Katarmal is a small village that lies on the Ranikhet road in Kumaon and the temple can be accessed by a 20 minute walk from the main road. We set off on a Royal Enfield Motorcycle from Almora in the morning and were pretty famished by the time we reached the hamlet of Kosi. I was quite excited about the prospect of seeing this 12th Century wonder that was said to be left half built.


Legend says that ‘It was built by the Pandavas in one night and when the first rays of the morning lit the sky, the construction was halted and it has remained so ever since. This is the land of the lores of Pandavas. That and the fact that the terrain of this region has proved to be uninviting for the invaders. Except for an abortive attempt by a Rohilla chieftain and the Anglo-Tibet war, Kumaon has not witnessed any major battles. Though the region has always been engulfed by internal strife between the Kumaonis and the Garhwalis.

A dilapidated signboard by the ASI on the dirt track increased the sense of wonder and the first glimpse of the temple complex did not disappoint at all. It was a grand and colossal structure that oddly reminded me of the Parthenon in Greece!

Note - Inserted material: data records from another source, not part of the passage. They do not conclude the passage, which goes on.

definition search_step :: "nat \<Rightarrow> nat \<Rightarrow> task \<Rightarrow> sequent \<Rightarrow> sequent \<Rightarrow> bool" where
  "search_step m n t S S' \<longleftrightarrow> fst S \<subseteq># fst S' \<and> snd S \<subseteq># snd S' \<and>
     \<not> derivable m n (fst S') (snd S') \<and> fulfils m n t (fst S') (snd S')"

definition task_at :: "nat \<Rightarrow> task" where
  "task_at k = from_nat (fst (prod_decode k))"

lemma task_at_infinitely_often: "\<exists>k\<ge>k0. task_at k = t"
  by (rule exI[of _ "prod_encode (to_nat t, k0)"]) (simp add: task_at_def le_prod_encode_2)

primrec search :: "nat \<Rightarrow> nat \<Rightarrow> sequent \<Rightarrow> nat \<Rightarrow> sequent" where
  "search m n S 0 = S"
| "search m n S (Suc k) = (SOME S'. search_step m n (task_at k) (search m n S k) S')"

lemma ex_search_step:
  assumes "\<not> derivable m n (fst S) (snd S)"
  shows "\<exists>S'. search_step m n t S S'"
proof -
  obtain Rs' G' where "fst S \<subseteq># Rs'" "snd S \<subseteq># G'" "\<not> derivable m n Rs' G'" "fulfils m n t Rs' G'"
    using underivable_fulfils[OF assms] by blast
  then show ?thesis by (intro exI[of _ "(Rs', G')"]) (simp add: search_step_def)
qed

lemma rtrancl_UN_mono:
  fixes r :: "nat \<Rightarrow> 'a rel"
  assumes "mono r" and "(x, y) \<in> (\<Union>k. r k)\<^sup>*"
  shows "\<exists>k0. \<forall>k\<ge>k0. (x, y) \<in> (r k)\<^sup>*"
  using assms(2)
proof (induction rule: rtrancl_induct)
  case (step y z)
  obtain k0 where "\<forall>k\<ge>k0. (x, y) \<in> (r k)\<^sup>*" using step.IH by blast
  moreover obtain k1 where "(y, z) \<in> r k1" using step.hyps(2) by blast
  ultimately have "(x, z) \<in> (r k)\<^sup>*" if "k \<ge> max k0 k1" for k
    using that monoD[OF assms(1), of k1 k] by (auto intro: rtrancl_into_rtrancl)
  then show ?case by blast
qed auto

locale failed_search =
  fixes m n :: nat and S0 :: sequent
  assumes root_underivable: "\<not> derivable m n (fst S0) (snd S0)"
begin

abbreviation S :: "nat \<Rightarrow> sequent" where
  "S \<equiv> search m n S0"

lemma stage_underivable: "\<not> derivable m n (fst (S k)) (snd (S k))"
  and search_step_stage: "search_step m n (task_at k) (S k) (S (Suc k))"
proof -
  have step: "search_step m n (task_at k) (S k) (S (Suc k))"
    if "\<not> derivable m n (fst (S k)) (snd (S k))" for k
    using someI_ex[OF ex_search_step[OF that]] by simp
  show "\<not> derivable m n (fst (S k)) (snd (S k))"
  proof (induction k)
    case 0
    show ?case using root_underivable by simp
  next
    case (Suc k)
    then show ?case using step[OF Suc] unfolding search_step_def by blast
  qed
  then show "search_step m n (task_at k) (S k) (S (Suc k))" by (rule step)
qed

lemma stage_mono:
  assumes "k \<le> l"
  shows "fst (S k) \<subseteq># fst (S l)" and "snd (S k) \<subseteq># snd (S l)"
  using search_step_stage
  by (auto simp only: search_step_def intro: subset_mset.lift_Suc_mono_le[OF _ assms])

definition limit_rels :: "ratom set" where
  "limit_rels = (\<Union>k. set_mset (fst (S k)))"

definition limit_fms :: "lfm set" where
  "limit_fms = (\<Union>k. set_mset (snd (S k)))"

lemma limit_fms_eventually: "x \<in> limit_fms \<Longrightarrow> \<exists>k0. \<forall>k\<ge>k0. x \<in># snd (S k)"
  unfolding limit_fms_def using stage_mono(2) by (blast dest: set_mset_mono)

lemma fulfilled_eventually: "\<exists>k\<ge>k0. fulfils m n t (fst (S k)) (snd (S k))"
proof -
  obtain k where "k \<ge> k0" "task_at k = t" using task_at_infinitely_often by blast
  then have "Suc k \<ge> k0" "fulfils m n t (fst (S (Suc k))) (snd (S (Suc k)))"
    using search_step_stage[of k] by (simp_all only: search_step_def)
  then show ?thesis by blast
qed

lemma reduced_eventually:
  assumes "(w, \<psi>) \<in> limit_fms"
  shows "\<exists>k\<ge>k0. reduced m w \<psi> u (fst (S k)) (snd (S k))"
proof -
  obtain k1 where k1: "\<forall>k\<ge>k1. (w, \<psi>) \<in># snd (S k)" using limit_fms_eventually[OF assms] by blast
  obtain k where "k \<ge> max k0 k1" "fulfils m n (Reduce w \<psi> u) (fst (S k)) (snd (S k))"
    using fulfilled_eventually by blast
  then show ?thesis using k1 by auto
qed

lemma rtrancl_links_limit:
  assumes "(w, u) \<in> (links i limit_rels)\<^sup>*"
  shows "\<exists>k0. \<forall>k\<ge>k0. (w, u) \<in> (rel_conn i (fst (S k)))\<^sup>*"
proof -
  have "links i limit_rels = (\<Union>k. rel_conn i (fst (S k)))"
    by (auto simp: limit_rels_def links_def rel_conn_def)
  moreover have "mono (\<lambda>k. rel_conn i (fst (S k)))"
    using stage_mono(1) by (auto simp: mono_def rel_conn_def dest: mset_subset_eqD)
  ultimately show ?thesis using rtrancl_UN_mono[of "\<lambda>k. rel_conn i (fst (S k))"] assms by simp
qed

lemma limit_hintikka: "hintikka m n limit_rels limit_fms"
proof (unfold_locales)
  fix w p assume "(w, Pos p) \<in> limit_fms"
  show "(w, Neg p) \<notin> limit_fms"
  proof
    assume "(w, Neg p) \<in> limit_fms"
    then obtain k where "(w, Pos p) \<in># snd (S k)" "(w, Neg p) \<in># snd (S k)"
      using limit_fms_eventually \<open>(w, Pos p) \<in> limit_fms\<close> by (metis nat_le_linear)
    then show False using stage_underivable derivable_id_mem by blast
  qed
next
  fix w a b assume "(w, Conj a b) \<in> limit_fms"
  then obtain k where "reduced m w (Conj a b) 0 (fst (S k)) (snd (S k))"
    using reduced_eventually by blast
  then show "(w, a) \<in> limit_fms \<or> (w, b) \<in> limit_fms" by (auto simp: limit_fms_def)
next
  fix w a b assume "(w, Disj a b) \<in> limit_fms"
  then obtain k where "reduced m w (Disj a b) 0 (fst (S k)) (snd (S k))"
    using reduced_eventually by blast
  then show "(w, a) \<in> limit_fms \<and> (w, b) \<in> limit_fms" by (auto simp: limit_fms_def)
next
  fix w a assume "(w, Box a) \<in> limit_fms"
  then obtain k where "reduced m w (Box a) 0 (fst (S k)) (snd (S k))"
    using reduced_eventually by blast
  then show "\<exists>v. (v, a) \<in> limit_fms" by (auto simp: limit_fms_def)
next
  fix w a u assume "(w, Dia a) \<in> limit_fms"
  then obtain k where "reduced m w (Dia a) u (fst (S k)) (snd (S k))"
    using reduced_eventually by blast
  then show "(u, a) \<in> limit_fms" by (auto simp: limit_fms_def)
next
  fix w i a assume "(w, Stit i a) \<in> limit_fms" "i \<in> {1..m}"
  moreover obtain k where "reduced m w (Stit i a) 0 (fst (S k)) (snd (S k))"
    using reduced_eventually calculation(1) by blast
  ultimately show "\<exists>v. (i, w, v) \<in> limit_rels \<and> (v, a) \<in> limit_fms"
    by (auto simp: limit_fms_def limit_rels_def)
next
  fix w i a u assume "(w, DStit i a) \<in> limit_fms" "i \<in> {1..m}" "(w, u) \<in> (links i limit_rels)\<^sup>*"
  moreover obtain k0 where "\<forall>k\<ge>k0. (w, u) \<in> (rel_conn i (fst (S k)))\<^sup>*"
    using rtrancl_links_limit calculation(3) by blast
  moreover obtain k where "k \<ge> k0" "reduced m w (DStit i a) u (fst (S k)) (snd (S k))"
    using reduced_eventually calculation(1) by blast
  ultimately show "(u, a) \<in> limit_fms" by (auto simp: limit_fms_def)
next
  fix us :: "nat \<Rightarrow> nat"
  obtain k where "fulfils m n (Ioa (map us [0..<Suc m])) (fst (S k)) (snd (S k))"
    using fulfilled_eventually by blast
  then show "\<exists>v. \<forall>i\<in>{1..m}. (i, us i, v) \<in> limit_rels"
    by (auto simp: limit_rels_def simp del: upt_Suc)
next
  fix i ws assume "0 < n" "i \<in> {1..m}"
  moreover obtain k where "fulfils m n (Apc i (map ws [0..<Suc n])) (fst (S k)) (snd (S k))"
    using fulfilled_eventually by blast
  ultimately show "\<exists>k j. k < j \<and> j \<le> n \<and> (i, ws k, ws j) \<in> limit_rels"
    by (fastforce simp: limit_rels_def simp del: upt_Suc)
qed

end

theorem theorem3:
  fixes m n x :: nat and \<phi> :: fm
  assumes "m \<ge> 1" and "in_lang m \<phi>" and "valid m n \<phi>"
  shows "derivable m n {#} {#(x, \<phi>)#}"
proof (rule ccontr)
  \<comment> \<open>The countermodel has every label as a world.\<close>
  assume "\<not> derivable m n {#} {#(x, \<phi>)#}"
  then interpret failed_search m n "({#}, {#(x, \<phi>)#})"
    by unfold_locales simp
  interpret hintikka m n limit_rels limit_fms
    by (rule limit_hintikka)
  have "(x, \<phi>) \<in> limit_fms"
    unfolding limit_fms_def by (rule UN_I[of 0]) simp_all
  then have "\<not> sat UNIV R V x \<phi>"
    using countermodel_falsifies assms(2) by (simp add: in_lang_def)
  moreover have "sat UNIV R V x \<phi>"
    using assms(3) ldm_frame_countermodel by (simp add: valid_def)
  ultimately show False by contradiction
qed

There were 44 small temples surrounding the main shrine but none of them had any idols inside them. Some of them seemed to have been damaged in an attack but as I have mentioned there is no history pertaining to the same. Some of the smaller shrines seemed to be leaning, while one of them was only balanced on a single pillar. I wondered if the Archaeological Survey of India did anything other than just putting up 3-4 boards in and around the temple complex.

From 7th Century AD to 12th Century AD Kumaon witnessed a sustained period of great temples being built by various rulers. The Katyuri dynasty has been credited for most of them, and even this Sun temple was built by the Katyuri king Katarmalla. The main deity of the sun temple is Surya –  called Vraddha Aditya (Old Sun God) here.


IMG_1716 (1)
Vraddha Aditya or Surya, the main deity. Picture courtesy: Mr Niraj Kumar Verma


The temple is perched at a height of 2100 m on a small hillock with an endless view of the valley on the front side. It has been designed such that on few days especially during the equinoxes, the first rays of the sun fall on the deity inside the Garbhagriha. There’s a small hole punched in one of the temples from where the first light permeates through and casts its light on the idol making it a glorious sight.

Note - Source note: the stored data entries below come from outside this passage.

(* Let $\rho$ be a density operator on $H$. Then for all $A\in\mathcal{A}$, $0\le\mu_\rho(A)\le\nu(A)$. Moreover, $\mu_\rho$ satisfies grade-2 additivity: $\mu_\rho(A\cup B\cup C)=\mu_\rho(A\cup B)+\mu_\rho(A\cup C)+\mu_\rho(B\cup C)-\mu_\rho(A)-\mu_\rho(B)-\mu_\rho(C)$ for mutually disjoint $A,B,C\in\mathcal{A}$; and $\mu_\rho$ is continuous: $\mu_\rho(A_i)\to\mu_\rho(\bigcup_i A_i)$ for every increasing sequence $A_1\subseteq A_2\subseteq\cdots$ in $\mathcal{A}$ and $\mu_\rho(B_i)\to\mu_\rho(\bigcap_i B_i)$ for every decreasing sequence $B_1\supseteq B_2\supseteq\cdots$ in $\mathcal{A}$.
   Context: $(\Omega,\mathcal{A},\nu)$ is a probability space and $H=L_2(\Omega,\mathcal{A},\nu)$ is the complex Hilbert space with inner product $\langle f,g\rangle=\int\bar f g\,d\nu$. For $A\in\mathcal{A}$, $\chi_A$ is its characteristic function and $\mu(A)=|\chi_A\rangle\langle\chi_A|$ is the operator $f\mapsto\left(\int_A f\,d\nu\right)\chi_A$ on $H$. A density operator is a positive trace-class operator of trace $1$. For a density operator $\rho$, the $q$-measure is $\mu_\rho(A)=\mathrm{tr}[\rho\mu(A)]$. *)

theory Defs
  imports "HOL-Probability.Probability"
begin

text \<open>The Hilbert space H = L_2(Omega, A, nu) is represented by its square-integrable
  complex-valued representatives; elements are identified up to nu-a.e. equality.\<close>

definition L2 :: "'a measure \<Rightarrow> ('a \<Rightarrow> complex) set" where
  "L2 M = {f. f \<in> borel_measurable M \<and> integrable M (\<lambda>x. (cmod (f x))\<^sup>2)}"

definition ip :: "'a measure \<Rightarrow> ('a \<Rightarrow> complex) \<Rightarrow> ('a \<Rightarrow> complex) \<Rightarrow> complex" where
  "ip M f g = (LINT x|M. cnj (f x) * g x)"

definition onb :: "'a measure \<Rightarrow> ('a \<Rightarrow> complex) set \<Rightarrow> bool" where
  "onb M B \<longleftrightarrow> B \<subseteq> L2 M
     \<and> (\<forall>e\<in>B. ip M e e = 1)
     \<and> (\<forall>e\<in>B. \<forall>e'\<in>B. e \<noteq> e' \<longrightarrow> ip M e e' = 0)
     \<and> (\<forall>f\<in>L2 M. (\<forall>e\<in>B. ip M e f = 0) \<longrightarrow> ip M f f = 0)"

definition is_operator :: "'a measure \<Rightarrow> (('a \<Rightarrow> complex) \<Rightarrow> ('a \<Rightarrow> complex)) \<Rightarrow> bool" where
  "is_operator M T \<longleftrightarrow>
     (\<forall>f\<in>L2 M. T f \<in> L2 M)
     \<and> (\<forall>f\<in>L2 M. \<forall>g\<in>L2 M. (AE x in M. f x = g x) \<longrightarrow> (AE x in M. T f x = T g x))
     \<and> (\<forall>f\<in>L2 M. \<forall>g\<in>L2 M. \<forall>c. AE x in M. T (\<lambda>y. c * f y + g y) x = c * T f x + T g x)
     \<and> (\<exists>K. \<forall>f\<in>L2 M. Re (ip M (T f) (T f)) \<le> K * Re (ip M f f))"

definition positive_op :: "'a measure \<Rightarrow> (('a \<Rightarrow> complex) \<Rightarrow> ('a \<Rightarrow> complex)) \<Rightarrow> bool" where
  "positive_op M T \<longleftrightarrow> (\<forall>f\<in>L2 M. ip M f (T f) \<in> \<real> \<and> 0 \<le> Re (ip M f (T f)))"

text \<open>Trace: sum of diagonal entries in an orthonormal basis (basis-independent for trace-class operators).\<close>
definition trace :: "'a measure \<Rightarrow> (('a \<Rightarrow> complex) \<Rightarrow> ('a \<Rightarrow> complex)) \<Rightarrow> complex" where
  "trace M T = infsum (\<lambda>e. ip M e (T e)) (SOME B. onb M B)"

text \<open>Density operator: positive trace-class operator of trace 1. For a positive operator,
  trace class means the diagonal sum (of |T| = T) is finite in an orthonormal basis.\<close>
definition density_operator :: "'a measure \<Rightarrow> (('a \<Rightarrow> complex) \<Rightarrow> ('a \<Rightarrow> complex)) \<Rightarrow> bool" where
  "density_operator M \<rho> \<longleftrightarrow> is_operator M \<rho> \<and> positive_op M \<rho>
     \<and> (\<exists>B. onb M B \<and> (\<lambda>e. ip M e (\<rho> e)) summable_on B \<and> infsum (\<lambda>e. ip M e (\<rho> e)) B = 1)"

text \<open>mu(A) = |chi_A><chi_A| : f \<mapsto> (int_A f dnu) chi_A.\<close>
definition qmu :: "'a measure \<Rightarrow> 'a set \<Rightarrow> ('a \<Rightarrow> complex) \<Rightarrow> ('a \<Rightarrow> complex)" where
  "qmu M A f = (\<lambda>x. (LINT y:A|M. f y) * indicator A x)"

definition mu_q :: "'a measure \<Rightarrow> (('a \<Rightarrow> complex) \<Rightarrow> ('a \<Rightarrow> complex)) \<Rightarrow> 'a set \<Rightarrow> complex" where
  "mu_q M \<rho> A = trace M (\<rho> \<circ> qmu M A)"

An azure sky behind the main temple creates a perfect backdrop. The setting is quite spectacular with a cool breeze blowing even on an otherwise hot day in May.  Various temple pieces like the Amalakas are found scattered in the courtyard. There is a spectator too, a lone tree that continues to witness the glories and vagaries of time. 

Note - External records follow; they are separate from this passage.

text \<open>Among ties, any choice of which agents realise the F largest/smallest values is allowed;
  the resulting sum in step 4 does not depend on that choice.\<close>
definition ftrc_removed :: "nat \<Rightarrow> nat set \<Rightarrow> (nat \<Rightarrow> real) \<Rightarrow> real \<Rightarrow> nat set \<Rightarrow> bool" where
  "ftrc_removed F Vi w v R \<longleftrightarrow>
     (\<exists>Rp Rm. R = Rp \<union> Rm
       \<and> (if card {j\<in>Vi. w j > v} < F then Rp = {j\<in>Vi. w j > v}
          else Rp \<subseteq> Vi \<and> card Rp = F \<and> (\<forall>j\<in>Rp. \<forall>k\<in>Vi - Rp. w k \<le> w j))
       \<and> (if card {j\<in>Vi. w j < v} < F then Rm = {j\<in>Vi. w j < v}
          else Rm \<subseteq> Vi \<and> card Rm = F \<and> (\<forall>j\<in>Rm. \<forall>k\<in>Vi - Rm. w j \<le> w k)))"

definition ftrc_input :: "real \<Rightarrow> nat \<Rightarrow> nat \<Rightarrow> nat set \<Rightarrow> (nat \<Rightarrow> real) \<Rightarrow> real \<Rightarrow> real \<Rightarrow> bool" where
  "ftrc_input \<alpha> F i Vi w v u \<longleftrightarrow>
     (\<exists>R. ftrc_removed F Vi w v R \<and>
        u = \<alpha> * sgn (\<Sum>j\<in>(insert i Vi) - R. ((w(i := v)) j - v)))"

end

theory Submission
  imports Defs
begin

text \<open>
  Off a countable set of times, the maximum of finitely many differentiable functions is
  differentiable: where two of them cross with different slopes, the crossing is an isolated
  zero of their difference. At such a time every normal agent attaining the maximum of the
  normal states moves with the derivative of the maximum (Fermat). Larger values can only reach
  it from its at most F misbehaving in-neighbours, so FTRC discards all of them and its input is
  at most 0; if the set of maximisers is (2F+1)-reachable, some maximiser has at least F+1
  normal in-neighbours with strictly smaller values, they cannot all be discarded, and its input
  is exactly -\<alpha>. Writing the minimum as the maximum of the negated states, which again follow
  FTRC, and applying (2F+1)-robustness to the disjoint sets of maximisers and minimisers shows
  that the range decreases at rate at least \<alpha> unless all normal states agree.
\<close>

lemma countable_isolated_points:
  fixes S :: "'a::euclidean_space set"
  shows "countable {x. x isolated_in S}"
proof -
  let ?I = "{x. x isolated_in S}"
  have "\<forall>x\<in>?I. \<exists>U. open U \<and> U \<inter> S = {x}"
    by (simp add: isolated_in_def)
  then obtain T where T: "\<And>x. x \<in> ?I \<Longrightarrow> open (T x) \<and> T x \<inter> S = {x}"
    by metis
  define D where "D = \<Union>(T ` ?I)"
  have "?I \<subseteq> S" by (auto simp: isolated_in_def)
  have "\<not> z islimpt ?I" if "x \<in> ?I" "z \<in> T x" for x z
  proof
    assume "z islimpt ?I"
    then have "infinite (T x \<inter> ?I)"
      using T[OF that(1)] that(2) by (simp add: islimpt_eq_acc_point)
    moreover have "T x \<inter> ?I \<subseteq> {x}"
      using T[OF that(1)] \<open>?I \<subseteq> S\<close> by blast
    ultimately show False
      using finite_subset by blast
  qed
  then have "?I sparse_in D"
    unfolding sparse_in_def D_def using T by blast
  moreover have "open D" "?I \<subseteq> D"
    unfolding D_def using T by auto
  ultimately show ?thesis
    using sparse_imp_countable[of D ?I] by (simp add: Int_absorb1)
qed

The temples of Kumaon from this period used huge stones instead of bricks, some of them so humongous that only the Gods are believed to have carried them so far ! (Perhaps thats why the local legend of so many of these temples to have been built by the Pandavas). These stones were quarried from the nearby valley and hauled upto the site where they were cut and carved. This temple is said to be one of the biggest and tallest in the entire Kumaon region. The style of architecture of the temple is Nagara style.

 The temple had intricately carved wooden doors and pillars that were shifted to the National Museum in Delhi after the theft of a priceless 10th century idol from the temple premises.

 The wooden door and pillars of the Katarmal Sun Temple displayed at the National Museum in Delhi. Pictures courtesy: Mr Niraj Kumar Verma

What really surprised me is that inspite of being both a rare and renowned heritage site with close proximity to the very touristy Almora, we met no other visitor during the time that we were there. There was no restaurant or dhaba near the temple and it sure looked like a place that no one cared about.  As a nation, we really don’t seem to be quite proud or caring of its rich heritage and culture. The same tourists who go gaga on seeing monuments when in a western country are not even aware of the rich architectural heritage that lies in their vicinity. Although I must admit; the monuments in our country are rarely well maintained and even basic facilities sometimes don’t exist at heritage sites.